February 23, 2005

Blogs disgoogled?

The river of information flows onward, and Language Log is no longer #1 for stupid ideas. That's fine with me. Last April, as I explained, "Google lists 1,260,000 pages in response to a query about stupid ideas, and and Geoff Nunberg's post about Samuel Huntington is the first of all of them". Now there are 3,940,000 hits for the same query, and Geoff Nunberg's post on Samuel Huntington is #16. Autres temps, autres bêtises.

But has there been a more serious and systematic downgrading of (some) blogs at Google? Mithras at Fables of the Reconstruction observed on 2/15/2005 that

In the past few hours, Google apparently updated its database and moved blogs way, way down the list of search results. First Atrios mentioned it and thought it strange, and then Sisyphus Shrugged found it had happened to her. That prompted me to google my own site, and it's true for me, too: this blog was the first search result for "Fables of the reconstruction" and the third (I recall) for "Mithras" until now. Now, it is the 53rd result for "Fables of the reconstruction" and does not appear at all in the first 200 results for "Mithras" (although, strangely, my profiles on other websites do show up in those results.)

Mithras' dire prediction: "No google hits, no blogs. It's that simple."

The consensus seems to be that this a reaction to the problem of comment spam, involving either a general downgrading of links in blog comments, or the implementation of the rel="nofollow" attribute for hyperlinks, or something along those lines. We're still #1 for Language Log, #2 for Dan Brown, and #3 for "Marriage Vowels", so we have apparently not been much affected yet. Some people have suggested that blogs on hosted sites like blogspot and typepad are the main victims. If this is true, then I imagine that the balance will be restored before long.

Paul Goyette at Locussolus has also noticed the effect,

[...] In my case, this blog is no longer the first hit for "locussolus" or "paul goyette" -- enter the latter right now and you won't find this page in the top 100 results. [...]

and looking beyond this (probably temporary) disturbance in cyberspace, has some more general thoughts:

Search engines, and in particular Google, are really becoming the gatekeepers for the world's information. [...]

What's so magical about the folks at Google is that even when they were tweaking their algorithm back in the early '90s, they foresaw the potential for these deep issues of speech and access. So instead of relying exclusively on content analysis, they built their model to incorporate the implicit views of the internet's readers and writers: they counted links, and they used their count to estimate a given site's authority on a particular search term, or in general. This was a profound and elegant achivement. Yes, it made search more accurate. But more than that, it codified the web's already democratic ethos -- tying search results to the actions of writers demystified search and gave content creators more power in the form of links. And while Google's new algorithm was somewhat prone to manipulation -- that's what's precipitated this whole crisis -- the very reason it could be manipulated was that it was transparent.
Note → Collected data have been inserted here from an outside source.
(* Let $\mathcal X$ be a finite alphabet and let $(\mathcal F_n)_{n\ge1}$, $\mathcal F_n\subseteq\mathcal P(\mathcal X^n)$, be a sequence of sets of probability distributions satisfying: (1) each $\mathcal F_n$ is convex and closed; (2) $\mathcal F_1$ contains a distribution with full support on $\mathcal X$; (3) if $q\in\mathcal F_{n+1}$ then its marginal on the first $n$ symbols lies in $\mathcal F_n$; (4) if $q\in\mathcal F_n$ and $q'\in\mathcal F_m$ then $q\otimes q'\in\mathcal F_{n+m}$; (5) each $\mathcal F_n$ is invariant under permutations of the $n$ coordinates; (6) for every $p\in\mathcal P(\mathcal X)$ with $p\notin\mathcal F_1$, $D^\infty(p\|\mathcal F):=\lim_{n\to\infty}\frac1n\inf_{q\in\mathcal F_n}D(p^{\otimes n}\|q)>0$. Then for all $p\in\mathcal P(\mathcal X)$ and all $\varepsilon\in(0,1)$, \[ \lim_{n\to\infty}\frac1n D_H^\varepsilon(\mathcal F_n\,\|\,p^{\otimes n}) = D(\mathcal F\|p):=\min_{q\in\mathcal F_1}D(q\|p), \] and in particular $\mathrm{Sanov}(p\|\mathcal F)=D(\mathcal F\|p)$.
   Context: $\mathcal P(\mathcal Y)$ is the set of probability distributions on a finite set $\mathcal Y$; $D(q\|p)=\sum_x q(x)\log(q(x)/p(x))$ is the Kullback–Leibler divergence ($+\infty$ if $q\not\ll p$). For distributions $q,r$ on $\mathcal X^n$, $D_H^\varepsilon(q\|r)=-\log\min\{\sum_{x^n}a(x^n)r(x^n): a:\mathcal X^n\to[0,1],\ \sum_{x^n}(1-a(x^n))q(x^n)\le\varepsilon\}$, and $D_H^\varepsilon(\mathcal F_n\|r)=\inf_{q\in\mathcal F_n}D_H^\varepsilon(q\|r)$. $\mathrm{Sanov}(p\|\mathcal F)=\lim_{\varepsilon\to0^+}\liminf_{n\to\infty}\frac1nD_H^\varepsilon(\mathcal F_n\|p^{\otimes n})$. *)

theory Defs
  imports "HOL-Analysis.Analysis" "HOL-Combinatorics.Permutations"
begin

text \<open>Strings of length n over the finite alphabet 'a represent X^n.
  A distribution on X^n is a real function on 'a list vanishing off strings of length n.\<close>

definition strings :: "nat \<Rightarrow> 'a list set" where
  "strings n = {xs. length xs = n}"

definition is_dist :: "nat \<Rightarrow> ('a list \<Rightarrow> real) \<Rightarrow> bool" where
  "is_dist n q \<longleftrightarrow> (\<forall>xs. 0 \<le> q xs) \<and> (\<forall>xs. length xs \<noteq> n \<longrightarrow> q xs = 0)
     \<and> (\<Sum>xs\<in>strings n. q xs) = 1"

definition is_pdist :: "('a \<Rightarrow> real) \<Rightarrow> bool" where
  "is_pdist p \<longleftrightarrow> (\<forall>x. 0 \<le> p x) \<and> (\<Sum>x\<in>UNIV. p x) = 1"

definition iid :: "nat \<Rightarrow> ('a \<Rightarrow> real) \<Rightarrow> 'a list \<Rightarrow> real" where
  "iid n p xs = (if length xs = n then (\<Prod>x\<leftarrow>xs. p x) else 0)"

definition marginal :: "nat \<Rightarrow> ('a::finite list \<Rightarrow> real) \<Rightarrow> 'a list \<Rightarrow> real" where
  "marginal n q xs = (if length xs = n then (\<Sum>y\<in>UNIV. q (xs @ [y])) else 0)"

definition tensor :: "nat \<Rightarrow> nat \<Rightarrow> ('a list \<Rightarrow> real) \<Rightarrow> ('a list \<Rightarrow> real) \<Rightarrow> 'a list \<Rightarrow> real" where
  "tensor n m q q' zs = (if length zs = n + m then q (take n zs) * q' (drop n zs) else 0)"

definition permute_coords :: "(nat \<Rightarrow> nat) \<Rightarrow> 'a list \<Rightarrow> 'a list" where
  "permute_coords \<sigma> xs = map (\<lambda>i. xs ! \<sigma> i) [0..<length xs]"

definition KL :: "'b set \<Rightarrow> ('b \<Rightarrow> real) \<Rightarrow> ('b \<Rightarrow> real) \<Rightarrow> ereal" where
  "KL S q p = (if (\<forall>x\<in>S. p x = 0 \<longrightarrow> q x = 0)
      then ereal (\<Sum>x\<in>S. if q x = 0 then 0 else q x * ln (q x / p x))
      else \<infinity>)"

definition hyp_min :: "nat \<Rightarrow> real \<Rightarrow> ('a list \<Rightarrow> real) \<Rightarrow> ('a list \<Rightarrow> real) \<Rightarrow> real" where
  "hyp_min n \<epsilon> q r = Inf {(\<Sum>xs\<in>strings n. a xs * r xs) | a.
      (\<forall>xs. 0 \<le> a xs \<and> a xs \<le> 1) \<and> (\<Sum>xs\<in>strings n. (1 - a xs) * q xs) \<le> \<epsilon>}"

definition neg_log :: "real \<Rightarrow> ereal" where
  "neg_log v = (if v \<le> 0 then \<infinity> else ereal (- ln v))"

definition DH :: "nat \<Rightarrow> real \<Rightarrow> ('a list \<Rightarrow> real) \<Rightarrow> ('a list \<Rightarrow> real) \<Rightarrow> ereal" where
  "DH n \<epsilon> q r = neg_log (hyp_min n \<epsilon> q r)"

definition DH_set :: "nat \<Rightarrow> real \<Rightarrow> ('a list \<Rightarrow> real) set \<Rightarrow> ('a list \<Rightarrow> real) \<Rightarrow> ereal" where
  "DH_set n \<epsilon> Fn r = (INF q\<in>Fn. DH n \<epsilon> q r)"

definition D_F :: "(nat \<Rightarrow> ('a list \<Rightarrow> real) set) \<Rightarrow> ('a \<Rightarrow> real) \<Rightarrow> ereal" where
  "D_F F p = (INF q\<in>F 1. KL (strings 1) q (iid 1 p))"

definition D_reg :: "(nat \<Rightarrow> ('a list \<Rightarrow> real) set) \<Rightarrow> ('a \<Rightarrow> real) \<Rightarrow> nat \<Rightarrow> ereal" where
  "D_reg F p n = (INF q\<in>F n. KL (strings n) (iid n p) q) / ereal (real n)"

end

(* Upper bound: for q in F_1 with D(q||p) close to D(F||p), the tensor property puts q^n in F_n, and
   a Chernoff-type change of measure shows that, for large n, every test with error at most eps
   under q^n has error at least ((1 - eps) / 2) exp (-n (D(q||p) + delta)) under p^n.

   Lower bound: choose c' < D(F||p) and use the test that declares p exactly when the empirical
   type t of the string satisfies D(t||p) <= c'.  By the method of types its error under p^n is at
   most (n + 1)^|X| exp (-n c').  Its error under q in F_n is the q-mass of the set K of such
   types, and this is small uniformly on F_n: K is compact and disjoint from F_1.  If some q in
   F_n gave mass mu to the types near s in K, then the k-letter marginal of the symmetrization of
   q would be an element of F_k dominating mu exp (-2 eta k) s^k, so D(s^k||F_k) <= -ln mu + 2 eta k,
   which contradicts the positive Stein exponent of s once k is large.  A finite subcover of K
   makes the bound uniform. *)

theory Submission
  imports Defs "HOL-Real_Asymp.Real_Asymp"
begin

section \<open>Strings, i.i.d. distributions and tests\<close>

lemma mem_strings [simp]: "xs \<in> strings n \<longleftrightarrow> length xs = n"
  by (simp add: strings_def)

lemma finite_strings [simp]: "finite (strings n :: 'a::finite list set)"
  unfolding strings_def using finite_lists_length_eq[of "UNIV :: 'a set" n] by simp

lemma strings_0: "strings 0 = {[]}"
  by (auto simp: strings_def)

lemma sum_strings_Suc:
  fixes g :: "'a::finite list \<Rightarrow> 'b::comm_monoid_add"
  shows "(\<Sum>x\<in>strings (Suc m). g x) = (\<Sum>b\<in>UNIV. \<Sum>z\<in>strings m. g (b # z))"
proof -
  have "bij_betw (\<lambda>(b, z). b # z) (UNIV \<times> strings m) (strings (Suc m))"
    by (rule bij_betw_byWitness[where f' = "\<lambda>x. (hd x, tl x)"]) (auto simp: length_Suc_conv)
  then have "(\<Sum>x\<in>strings (Suc m). g x) = (\<Sum>(b, z)\<in>UNIV \<times> strings m. g (b # z))"
    by (subst sum.reindex_bij_betw[symmetric]) (simp_all add: case_prod_unfold)
  then show ?thesis
    by (simp add: sum.cartesian_product)
qed

lemma strings_1: "strings 1 = range (\<lambda>b. [b])"
  by (auto simp: length_Suc_conv)

lemma sum_strings_1:
  fixes g :: "'a::finite list \<Rightarrow> 'b::comm_monoid_add"
  shows "(\<Sum>x\<in>strings 1. g x) = (\<Sum>b\<in>UNIV. g [b])"
  unfolding strings_1 by (simp add: sum.reindex inj_on_def)

lemma sum_strings_Suc_hd:
  fixes g :: "'a::finite list \<Rightarrow> 'b::comm_monoid_add"
  shows "(\<Sum>z\<in>strings (Suc m). if z ! 0 = b then g z else 0) = (\<Sum>z\<in>strings m. g (b # z))"
proof -
  have "(\<Sum>c\<in>UNIV. \<Sum>z\<in>strings m. if c = b then g (c # z) else 0)
      = (\<Sum>c\<in>UNIV. if c = b then \<Sum>z\<in>strings m. g (c # z) else 0)"
    by (intro sum.cong) auto
  then show ?thesis
    by (simp add: sum_strings_Suc)
qed

lemma sum_strings_prod_list:
  fixes f :: "'a::finite \<Rightarrow> 'b::comm_semiring_1"
  shows "(\<Sum>x\<in>strings n. prod_list (map f x)) = (\<Sum>b\<in>UNIV. f b) ^ n"
  by (induction n) (simp_all add: strings_0 sum_strings_Suc sum_distrib_left[symmetric] sum_distrib_right)

lemma iid_eq_prod_list: "length xs = n \<Longrightarrow> iid n p xs = prod_list (map p xs)"
  by (simp add: iid_def)

lemma iid_1_single [simp]: "iid 1 p [b] = p b"
  by (simp add: iid_def)

lemma iid_nonneg: "is_pdist p \<Longrightarrow> 0 \<le> iid n p xs"
  by (auto simp: iid_def is_pdist_def intro!: prod_list_nonneg)

lemma sum_iid:
  fixes p :: "'a::finite \<Rightarrow> real"
  shows "is_pdist p \<Longrightarrow> (\<Sum>x\<in>strings n. iid n p x) = 1"
  using sum_strings_prod_list[of p n] by (simp add: iid_def is_pdist_def)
Today we have the blog, a phenomenon that's emerged largely because of the authority given to links and Google's transparency with respect to that authority. It's a phenomenon that takes that democratic ethos to the next level by removing virtually all the costs (financial, but also in terms of the required technical knowledge) associated with self-publication. Mix in Google's method of ranking search results, and you have a situation where millions of people have been moved to new acts of speech and are engaged in a worldwide discourse. If you hold freedom of expression dear, this is a monumental achievement.

Of course, there are also the spammers, who take the same democratizing elegance of Google's system and turn it on its head: by flooding my comment section (and yours) with links, they're able to increase their (or their client's) page rank, which means more traffic and presumably more sales.
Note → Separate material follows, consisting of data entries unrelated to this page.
lemma has_real_derivative_flux_primitive:
  fixes A B s :: real
  defines "c \<equiv> \<lambda>s. A * cos s + B * sin s"
  assumes "c s \<noteq> 1"
  shows "(flux_primitive A B has_real_derivative
      (A\<^sup>2 + B\<^sup>2)\<^sup>2 * (sin s * (cos s - A * c s) * (2 - c s) / (1 - c s)\<^sup>2)) (at s)"
proof -
  let ?D = "A\<^sup>2 + B\<^sup>2"
  define d where "d = (\<lambda>s. B * cos s - A * sin s)"
  have F: "flux_primitive A B = (\<lambda>s. A * B * ((2 - ?D) * d s - 2 * (d s / (1 - c s)))
      + (B\<^sup>2 - A\<^sup>2 + A\<^sup>2 * ?D) * (1 / (1 - c s) - c s))"
    by (simp add: fun_eq_iff flux_primitive_def Let_def c_def d_def)
  have u: "1 - c s \<noteq> 0"
    using assms by simp
  have pyth: "(c s)\<^sup>2 + (d s)\<^sup>2 = ?D"
    using sin_cos_squared_add[of s] unfolding c_def d_def by algebra
  have dc: "(c has_real_derivative d s) (at s)" and dd: "(d has_real_derivative - c s) (at s)"
    unfolding c_def d_def by (auto intro!: derivative_eq_intros simp: algebra_simps)
  have "((\<lambda>s. d s / (1 - c s)) has_real_derivative (?D - c s) / (1 - c s)\<^sup>2) (at s)"
    by (rule derivative_eq_intros dc dd refl)+
       (use u pyth in \<open>simp_all add: field_simps power2_eq_square\<close>)
  moreover have "((\<lambda>s. 1 / (1 - c s)) has_real_derivative d s / (1 - c s)\<^sup>2) (at s)"
    by (rule derivative_eq_intros dc refl)+
       (use u in \<open>simp_all add: field_simps power2_eq_square\<close>)
  ultimately have F': "(flux_primitive A B has_real_derivative
      (B * c s - A * d s) * (A * c s + B * d s - A * ?D * c s) * (2 - c s) / (1 - c s)\<^sup>2) (at s)"
    unfolding F flux_primitive_identity[OF pyth assms(2), symmetric]
    by (intro DERIV_add DERIV_cmult DERIV_diff dc dd)
  have sinD: "?D * sin s = B * c s - A * d s" and cosD: "?D * cos s = A * c s + B * d s"
    unfolding c_def d_def using sin_cos_squared_add[of s] by algebra+
  have "?D\<^sup>2 * (sin s * (cos s - A * c s) * (2 - c s) / (1 - c s)\<^sup>2)
      = (?D * sin s) * (?D * cos s - A * ?D * c s) * (2 - c s) / (1 - c s)\<^sup>2"
    by (simp add: power2_eq_square algebra_simps)
  also have "\<dots> = (B * c s - A * d s) * (A * c s + B * d s - A * ?D * c s) * (2 - c s) / (1 - c s)\<^sup>2"
    by (simp only: sinD cosD)
  finally show ?thesis
    using F' by (simp only:)
qed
For more on the same topic, read Jay Rosen's 2/20/2005 commentary on the second life of content:

"Frankly, they bring a lot of competencies to us. They're the leaders in search-engine optimization."

That's from an interview with Martin Nisenholtz, Senior Vice President for Digital Operations at the New York Times, who spoke with Staci Kramer of Paid Content about his company's recent acquisition of About.com for $410 million. In a conference call with stock analysts, Nisenholtz again mentioned search. He talked about "some very useful synergies such as cross marketing and search optimization expertise."
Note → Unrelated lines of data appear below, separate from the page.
lemma formal_conv_rep_sign_partition_bound:
  fixes B :: "'y::real_normed_vector set"
  assumes "finite B" "independent B" "span B = UNIV" "card B = d"
  shows "\<exists>c>0. \<forall>(ZZ :: (nat \<Rightarrow> 'z::real_normed_vector) set) (H :: (nat \<Rightarrow> 'z) \<Rightarrow> 'y) \<kappa>.
           admissible_inputs ZZ \<and> formal_conv_rep ZZ H \<kappa> \<longrightarrow>
           (\<forall>z\<in>ZZ. \<exists>J :: nat \<Rightarrow> nat set.
               (\<forall>i\<in>{1..2^d}. \<forall>j\<in>{1..2^d}. i \<noteq> j \<longrightarrow> J i \<inter> J j = {})
             \<and> summable (\<lambda>t. norm (\<kappa> t (z t)))
             \<and> (\<Sum>t. norm (\<kappa> t (z t))) \<le> c * (\<Sum>i=1..2^d. norm (H (restr_seq (J i) z))))
           \<and> proper_conv_rep ZZ H \<kappa>"
proof -
  obtain K where "K > 0" and K: "\<And>x h. (\<And>S. S \<subseteq> B \<Longrightarrow>
        (\<lambda>N. \<Sum>t\<le>N. if sign_pattern B (x t) = S then x t else 0) \<longlonglongrightarrow> h S) \<Longrightarrow>
      summable (\<lambda>t. norm (x t)) \<and> (\<Sum>t. norm (x t)) \<le> K * (\<Sum>S\<in>Pow B. norm (h S))"
    by (fact summable_norm_le_sign_pattern_sums[OF assms(1-3)])
  obtain g :: "nat \<Rightarrow> 'y set" where g: "bij_betw g {1..2^d} (Pow B)"
    using ex_bij_betw_nat_finite_1[of "Pow B"] assms(1,4) by (auto simp: card_Pow)
  have bound: "\<exists>J :: nat \<Rightarrow> nat set.
        (\<forall>i\<in>{1..2^d}. \<forall>j\<in>{1..2^d}. i \<noteq> j \<longrightarrow> J i \<inter> J j = {})
      \<and> summable (\<lambda>t. norm (\<kappa> t (z t)))
      \<and> (\<Sum>t. norm (\<kappa> t (z t))) \<le> K * (\<Sum>i=1..2^d. norm (H (restr_seq (J i) z)))"
    if "admissible_inputs ZZ" "formal_conv_rep ZZ H \<kappa>" "z \<in> ZZ"
    for ZZ :: "(nat \<Rightarrow> 'z) set" and H :: "(nat \<Rightarrow> 'z) \<Rightarrow> 'y" and \<kappa> z
  proof -
    define J where "J i = {t. sign_pattern B (\<kappa> t (z t)) = g i}" for i
    have "(\<lambda>N. \<Sum>t\<le>N. if sign_pattern B (\<kappa> t (z t)) = S then \<kappa> t (z t) else 0)
        \<longlonglongrightarrow> H (restr_seq {t. sign_pattern B (\<kappa> t (z t)) = S} z)" for S
      using formal_conv_rep_restr_seq_LIMSEQ[OF that, of "{t. sign_pattern B (\<kappa> t (z t)) = S}"] by simp
    then have "summable (\<lambda>t. norm (\<kappa> t (z t))) \<and> (\<Sum>t. norm (\<kappa> t (z t))) \<le>
        K * (\<Sum>S\<in>Pow B. norm (H (restr_seq {t. sign_pattern B (\<kappa> t (z t)) = S} z)))"
      by (rule K)
    moreover have "\<forall>i\<in>{1..2^d}. \<forall>j\<in>{1..2^d}. i \<noteq> j \<longrightarrow> J i \<inter> J j = {}"
      using bij_betw_imp_inj_on[OF g] by (auto simp: J_def inj_on_def)
    moreover have "(\<Sum>S\<in>Pow B. norm (H (restr_seq {t. sign_pattern B (\<kappa> t (z t)) = S} z)))
        = (\<Sum>i=1..2^d. norm (H (restr_seq (J i) z)))"
      using sum.reindex_bij_betw[OF g, of "\<lambda>S. norm (H (restr_seq {t. sign_pattern B (\<kappa> t (z t)) = S} z))"]
      by (simp add: J_def)
    ultimately show ?thesis
      by (intro exI[of _ J]) simp
  qed
  have proper: "proper_conv_rep ZZ H \<kappa>" if "admissible_inputs ZZ" "formal_conv_rep ZZ H \<kappa>"
    for ZZ :: "(nat \<Rightarrow> 'z) set" and H :: "(nat \<Rightarrow> 'z) \<Rightarrow> 'y" and \<kappa>
    using bound[OF that] that(2) unfolding proper_conv_rep_def by blast
  show ?thesis
    using \<open>K > 0\<close> by (intro exI[of _ K] conjI allI impI ballI) (blast intro: bound proper)+
qed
Why is the New York Times Company interested in acquiring this expertise with search engines that About.com is said to have? Ordinarily, I leave the analysis of deals to those who know the market, but the logic of this portion of the transaction intrigued me. They know how to show up in search; we don't. Let's buy them. Then we'll know too. "We own you now. Tell us what you know."

Jay argues that the secret has been right under their nose all along:

You rarely find New York Times articles in the top ten results of any Google search. The reason is simple: Search works by counting the quantity and quality of links to a page. In most cases, links to the New York Times expire after a week, the url's (web addresses) change, and the content moves behind a pay wall. Bye-bye Google. [...]

The second life of content, made possible by search, is of critical importance to journalists whose work is on the Web. (That's almost all journalists.) The very phrase "on" the Web tells us that things may land on the surface of the network and not get woven into it. These stand a very poor chance of surviving and having a second life, where there are probably more readers available than in the first.

Because NYT content is "on" the web but not "in" the web,

their work is lost to Google, lost to online forums and conversation, lost to the long tail where value is built up-- and in many ways lost to cultural memory.

This is also the reason why Open Access to the scholarly and scientific literature is, in the end, an irresistible idea.


Posted by Mark Liberman at February 23, 2005 06:58 AM